Histologically, the mammary tumour presented numerous tubules with some containing mucin and increased connective tissue stroma with visible dense cellularity. Also the presence of acini with neoplastic epithelial cells and myoepithelial cells, cartilage and bony trabeculae signified the mixed nature of the mammary tumour in this case. These findings corroborates the reports by Cassali, et al. [10] where they reported canine mixed mammary gland tumour to present a complex histological pattern consisting of epithelial and mesenchymal component. Goldschmidt, et al. [11] and Sharma and Farooq [12] reported that the mesenchymal component consists of cartilage and/ or bone, mostly in combination with adipose tissue.

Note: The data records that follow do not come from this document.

lemma pointed_null_homotopic_precompose:
  assumes r: "deformation_step \<kappa> S x r" and "pointed_contractible (r ` S) \<kappa> x"
  shows "pointed_null_homotopic S \<kappa> x r"
proof -
  from assms(2) obtain R k where R0: "\<forall>q\<in>r ` S. R 0 q = id q" and Rk: "\<forall>q\<in>r ` S. R k q = x"
    and Rx: "\<forall>t\<le>k. R t x = x" and RX: "\<forall>t\<le>k. \<forall>q\<in>r ` S. R t q \<in> r ` S"
    and Rcont: "\<forall>t\<le>k. \<forall>a\<in>r ` S. \<forall>b\<in>r ` S. \<kappa> a b \<longrightarrow> R t a = R t b \<or> \<kappa> (R t a) (R t b)"
    and Rstep: "\<forall>t<k. \<forall>q\<in>r ` S. R t q = R (Suc t) q \<or> \<kappa> (R t q) (R (Suc t) q)"
    unfolding pointed_contractible_def pointed_null_homotopic_def by (elim exE conjE) (rule that)
  from r have rx: "r x = x" and rS: "r ` S \<subseteq> S"
    and rcont: "\<forall>p\<in>S. \<forall>q\<in>S. \<kappa> p q \<longrightarrow> r p = r q \<or> \<kappa> (r p) (r q)"
    unfolding deformation_step_def by blast+
  show ?thesis
    unfolding pointed_null_homotopic_def
  proof (intro exI[of _ "\<lambda>t p. R t (r p)"] exI[of _ k] conjI ballI allI impI)
    fix t p q assume t: "t \<le> k" and pq: "p \<in> S" "q \<in> S" "\<kappa> p q"
    have "r p \<in> r ` S" "r q \<in> r ` S"
      using pq by simp_all
    note cont = Rcont[rule_format, OF t this]
    from rcont pq have "r p = r q \<or> \<kappa> (r p) (r q)"
      by simp
    then show "R t (r p) = R t (r q) \<or> \<kappa> (R t (r p)) (R t (r q))"
      using cont by auto
  next
    fix t p assume "t \<le> k" "p \<in> S"
    then show "R t (r p) \<in> S"
      using RX rS by auto
  qed (use R0 Rk Rx rx Rstep in simp_all)
qed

Also, they reported epithelial component of the neoplasm to be malignant while the mesenchymal component is often benign. Malignant mixed mammary tumour (Carcinosarcoma) is composed of cells that morphologically resemble epithelial cells, luminal epithelium and/or myoepithelial and have various types of differentiation including adeno, squamous, mucinous and anaplastic features [12]. Benign mixed tumours are characterized by benign proliferation of cells that are morphologically similar to epithelial components and mesenchymal cells that produce cartilage and bone [2, 12]. Malignant types of canine mammary tumours are more frequent than benign mammary tumours. Due to vast histological diversity of canine mammary tumours their diagnosis is difficult and provides little prognostic information [13, 14, 15].
Conclusion
Canine mammary tumours attract special interest because of their similarities with human breast cancer. Mixed tumours are uncommon lesions in the human breast, but they are found most frequently in the mammary gland of the female dogs and in the human salivary glands. Canine mixed mammary gland tumours could be effectively managed by early surgical excision with adjunctive chemotherapy using vincristine sulphate at 0.025mg/kg patient’s body weight.